Mosh, there are quite a few videos on youtube of folks that have made their own and how they did it are all over the map. Probably good for some ideas.


----------



## stevem2 (Jun 13, 2010)

You can buy a kit from Linn Lumber in Oregon at any stage of construction you want.

http://linnlumber.com


----------



## Faceted rock (Jan 13, 2011)

Horatio said:


> I could probably scrounge the lion's share of the parts up to build one of my own but I have no where near the expertise and skill to actually put it all together. That one welding class I took 2 years ago....yeah, not gonna cut it. Oh and yeah, might need and actual welding machine. /sigh...one expensive project at a time. I'd love to put a 25hp beast electric motor off a rock crusher conveyor on one, lol. Finding one would not be an issue. Finding one that works....another story. Crap, now you have me thinking....
> 
> Mosh, there are quite a few videos on youtube of folks that have made their own and how they did it are all over the map.
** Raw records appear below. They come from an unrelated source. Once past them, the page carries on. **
(* Let $W_2\in\{M_2,S_2\}$ and let $\phi:W_{2}\rightarrow W_{2}$ be a linear map that preserves the L-spectrum, i.e. $\sigma_{\mathcal{K}}(\phi(A))=\sigma_{\mathcal{K}}(A)$ for all $A\in W_2$. Then \[ \phi(E_{11})= \begin{bmatrix} 1-a & \mp\sqrt{a^{2}-a}\\ \pm\sqrt{a^{2}-a} & a \end{bmatrix},\quad \phi(E_{22})= \begin{bmatrix} a & \pm\sqrt{a^{2}-a}\\ \mp\sqrt{a^{2}-a} & 1-a \end{bmatrix} \] for some $a\leq 0$, and \[ \phi(E_{12}+E_{21})= \begin{bmatrix} m & r\\ -r\pm 2 & -m \end{bmatrix} \] for some $m,r\in\mathbb{R}$. In particular, if $W_{2}=S_{2}$, then $\phi(E_{11})=E_{11}$, $\phi(E_{22})=E_{22}$, and \[ \phi(E_{12}+E_{21})= \begin{bmatrix} m & r\\ r & -m \end{bmatrix} \] for some $m\in\mathbb{R}$ and $r\in\{-1,1\}$.
   Context: $M_2$ is the space of $2\times 2$ real matrices and $S_2$ its subspace of symmetric matrices. The Lorentz cone in $\mathbb{R}^2$ is $\mathcal{K}=\{(x_1,x_2)\in\mathbb{R}^2: |x_1|\le x_2\}$. For $A\in M_2$, a scalar $\lambda\in\mathbb{R}$ is a Lorentz eigenvalue (L-eigenvalue) of $A$ if there is a nonzero $x\in\mathbb{R}^2$ with $x\in\mathcal{K}$, $(A-\lambda I)x\in\mathcal{K}$ and $x^T(A-\lambda I)x=0$; the set of all L-eigenvalues of $A$ is the L-spectrum $\sigma_{\mathcal{K}}(A)$. For $i,j\in\{1,2\}$, $E_{ij}$ denotes the $2\times 2$ matrix whose only nonzero entry is a $1$ in position $(i,j)$. The signs $\pm,\mp$ in $\phi(E_{11})$ and $\phi(E_{22})$ are chosen consistently (upper signs together or lower signs together). *)

theory Defs
  imports "HOL-Analysis.Analysis"
begin

text \<open>2x2 real matrices are modelled as real^2^2; entries A $ i $ j with i,j :: 2 (values 1 and 2).\<close>

definition lorentz_cone :: "(real^2) set" where
  "lorentz_cone = {x. \<bar>x $ 1\<bar> \<le> x $ 2}"

definition L_eigenvalue :: "real^2^2 \<Rightarrow> real \<Rightarrow> bool" where
  "L_eigenvalue A l \<longleftrightarrow>
     (\<exists>x. x \<noteq> 0 \<and> x \<in> lorentz_cone \<and>
          (A - l *\<^sub>R mat 1) *v x \<in> lorentz_cone \<and>
          x \<bullet> ((A - l *\<^sub>R mat 1) *v x) = 0)"

definition L_spectrum :: "real^2^2 \<Rightarrow> real set" where
  "L_spectrum A = {l. L_eigenvalue A l}"

definition Eij :: "2 \<Rightarrow> 2 \<Rightarrow> real^2^2" where
  "Eij i j = (\<chi> k l. if k = i \<and> l = j then 1 else 0)"

definition mat2 :: "real \<Rightarrow> real \<Rightarrow> real \<Rightarrow> real \<Rightarrow> real^2^2" where
  "mat2 a b c d = (\<chi> i j. if i = 1 then (if j = 1 then a else b) else (if j = 1 then c else d))"

definition sym2 :: "(real^2^2) set" where
  "sym2 = {A. transpose A = A}"

end

theory Submission
  imports Defs
begin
Probably good for some ideas.


I in Russia with 1999 made ​​several thousands of different sawmills and is ready to help you. but I will help you, provided that you make the machine exactly as my drawings and then tell about it.


----------



## Faceted rock (Jan 13, 2011)

I forgot to say, I only do the curves band sawmill


----------



## SteveEl (Sep 7, 2010)

Here's another build


----------